After some small rock work and easy scrambling we ventured over to our last challenge of the weekend – the trad route that we had been promised. I was a little apprehensive as I knew that this would be where I find out if the course had worked its magic. Standing at the base of the route, my old self would have been incredibly nervous by now but amazingly I put on my rock shoes, my harness and volunteered to go first. Bonkers. I would have never done that, before. I danced up the route as it was only a lower graded route as most hadn’t climbed before that day, but the main thing for me is that when I got towards the top of the 20m route, I felt totally comfortable and wasn’t even thinking about my situation. Now it’s important to say that even though I wasn’t scared, I was aware of what I was doing and all of my safety messages in my head were still present, but there was no unnecessary fear. I had climbed the route and I had totally enjoyed it. To climb a 20m route and to have fun doing it has been a long-standing goal of mine for a very long time. I had done it.
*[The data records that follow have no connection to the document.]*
(* Let $\Gamma_1,\Gamma_2,\Gamma_3$ be constants with $\Gamma_1+\Gamma_2+\Gamma_3=0$. Let $\vec\alpha_0,\vec\alpha_1,\vec\alpha_2,\vec\alpha_3\in\mathbb{R}^3$ be arbitrary vectors, and put $$\vec e_i=\tfrac12\left(\vec\alpha_0+\vec\alpha_i-\vec\alpha_j-\vec\alpha_k\right)\quad(\{i,j,k\}=\{1,2,3\}),\qquad \vec\delta=\tfrac14\sum_{\ell=0}^{3}\vec\alpha_\ell .$$ Let $\lambda_0,\dots,\lambda_3$ be pairwise distinct constants with $\sum_{i=1}^3\Gamma_i\lambda_i\neq0$ and $$\lambda_0=\sum_{i=1}^3\lambda_i-\frac{\sum_{i=1}^3\Gamma_i\lambda_i^2}{\sum_{i=1}^3\Gamma_i\lambda_i},$$ and let $a_{l,m}$ (skew-symmetric: $a_{m,l}=-a_{l,m}$) and $b_{l,m}$ (symmetric) for $l\ne m$ in $\{0,1,2,3\}$ be constants with $a_{l,m}b_{l,m}=\lambda_l-\lambda_m$. Suppose $\sigma,\rho,\tau:\mathbb{R}^3\to\mathbb{C}$ satisfy, for all $\vec x\in\mathbb{R}^3$ and all $l\neq m$ in $\{0,1,2,3\}$, $$a_{l,m}\,\tau(\vec x)\,\sigma(\vec x+\vec\alpha_l+\vec\alpha_m)=\sigma(\vec x+\vec\alpha_l)\tau(\vec x+\vec\alpha_m)-\tau(\vec x+\vec\alpha_l)\sigma(\vec x+\vec\alpha_m),$$ $$a_{l,m}\,\rho(\vec x)\,\tau(\vec x+\vec\alpha_l+\vec\alpha_m)=\tau(\vec x+\vec\alpha_l)\rho(\vec x+\vec\alpha_m)-\rho(\vec x+\vec\alpha_l)\tau(\vec x+\vec\alpha_m),$$ $$b_{l,m}\,\tau(\vec x+\vec\alpha_l)\tau(\vec x+\vec\alpha_m)=\tau(\vec x)\tau(\vec x+\vec\alpha_l+\vec\alpha_m)+\rho(\vec x)\sigma(\vec x+\vec\alpha_l+\vec\alpha_m).$$ For $n=(n_1,n_2,n_3)\in\mathbb{Z}^3$ let $\vec x(n)=\sum_{i}n_i\vec e_i$ and define $$u(n)=\begin{cases}\rho(\vec x(n)-\vec\delta)/\tau(\vec x(n)-\vec\delta), & n_1+n_2+n_3\ \text{even},\\ \sigma(\vec x(n)+\vec\delta)/\tau(\vec x(n)+\vec\delta), & n_1+n_2+n_3\ \text{odd}.\end{cases}$$ Then $u$ satisfies $$\sum_{i=1}^3\Gamma_i\left[\frac{u(n+e_i)}{1+u(n)u(n+e_i)}+\frac{u(n-e_i)}{1+u(n)u(n-e_i)}\right]=0$$ for every $n\in\mathbb{Z}^3$ at which all quantities involved are defined (all denominators nonzero), where $e_i$ denotes the $i$-th standard unit vector of $\mathbb{Z}^3$.
   Context: This equation is the Euler–Lagrange ("variational") equation $\partial\mathcal S/\partial u(n)=0$ of the lattice action $\mathcal S=\sum_{n\in\mathbb{Z}^3}\sum_{i=1}^3\Gamma_i\ln[1+u(n)u(n+e_i)]$. The parity classes $n_1+n_2+n_3$ even/odd are the two sublattices of the bipartite cubic lattice. *)

theory Defs
  imports "HOL-Analysis.Analysis"
begin

type_synonym lat = "int \<times> int \<times> int"

definition unitv :: "nat \<Rightarrow> lat" where
  "unitv i = (if i = 1 then (1,0,0) else if i = 2 then (0,1,0) else (0,0,1))"

definition addl :: "lat \<Rightarrow> lat \<Rightarrow> lat" where
  "addl p q = (fst p + fst q, fst (snd p) + fst (snd q), snd (snd p) + snd (snd q))"

definition subl :: "lat \<Rightarrow> lat \<Rightarrow> lat" where
  "subl p q = (fst p - fst q, fst (snd p) - fst (snd q), snd (snd p) - snd (snd q))"

definition evec :: "(nat \<Rightarrow> real^3) \<Rightarrow> nat \<Rightarrow> real^3" where
  "evec \<alpha> i = (1/2) *\<^sub>R (\<alpha> 0 + \<alpha> i - (\<Sum>j\<in>{1,2,3} - {i}. \<alpha> j))"

definition delta :: "(nat \<Rightarrow> real^3) \<Rightarrow> real^3" where
  "delta \<alpha> = (1/4) *\<^sub>R (\<Sum>l\<in>{0..3}. \<alpha> l)"

definition xpos :: "(nat \<Rightarrow> real^3) \<Rightarrow> lat \<Rightarrow> real^3" where
  "xpos \<alpha> n = of_int (fst n) *\<^sub>R evec \<alpha> 1 + of_int (fst (snd n)) *\<^sub>R evec \<alpha> 2
               + of_int (snd (snd n)) *\<^sub>R evec \<alpha> 3"

definition parity_even :: "lat \<Rightarrow> bool" where
  "parity_even n = even (fst n + fst (snd n) + snd (snd n))"

definition upt_pt :: "(nat \<Rightarrow> real^3) \<Rightarrow> lat \<Rightarrow> real^3" where
  "upt_pt \<alpha> n = (if parity_even n then xpos \<alpha> n - delta \<alpha> else xpos \<alpha> n + delta \<alpha>)"

definition ufun :: "(real^3 \<Rightarrow> complex) \<Rightarrow> (real^3 \<Rightarrow> complex) \<Rightarrow> (real^3 \<Rightarrow> complex)
    \<Rightarrow> (nat \<Rightarrow> real^3) \<Rightarrow> lat \<Rightarrow> complex" where
  "ufun \<sigma> \<rho> \<tau> \<alpha> n =
     (if parity_even n then \<rho> (xpos \<alpha> n - delta \<alpha>) / \<tau> (xpos \<alpha> n - delta \<alpha>)
      else \<sigma> (xpos \<alpha> n + delta \<alpha>) / \<tau> (xpos \<alpha> n + delta \<alpha>))"

end

theory Submission
  imports Defs
begin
So after everyone else had had their turn I jumped up for another go and was told, because I climbed it so easily last time, that I had to climb it one-handed. I embraced the challenge and it was done. I hand-on-heart wouldn’t have felt comfortable doing that before this course.

Then what?

Well during the course, Will asked each one of us for a list of 5 things that we will do when we go away from the course as it’s important to keep on re-enforcing the positive feelings of enjoying being at height. So since the course I’ve been busy ticking away at my list and have so far ticked off 3 of the 5. The other 2 will have to wait until we have some dry weather and some longer days next year. The first 3 were: climb on the Upper Tier of the Roaches – something that I had shied away from previously due to the longer, and sometimes exposed natures, of the routes there. Well I climbed Maud’s Garden with a huge smile on my face, as well as many other routes up there since, up to VS. I’ve also scrambed the North Ridge of Tryfan and I’m constantly climbing indoor routes now we have the darker nights. Both, again, of which I wouldn’t have done previously.

So my advice is to all of you out there who have a fear of heights, get in touch with Will at Will4Adventure and get signed up on his course. You will overcome your fear and have fun in the process.

Thanks, Will, your course has enhanced my climbing more than any other training technique or book that I’ve tried over the years. Absolutely brilliant.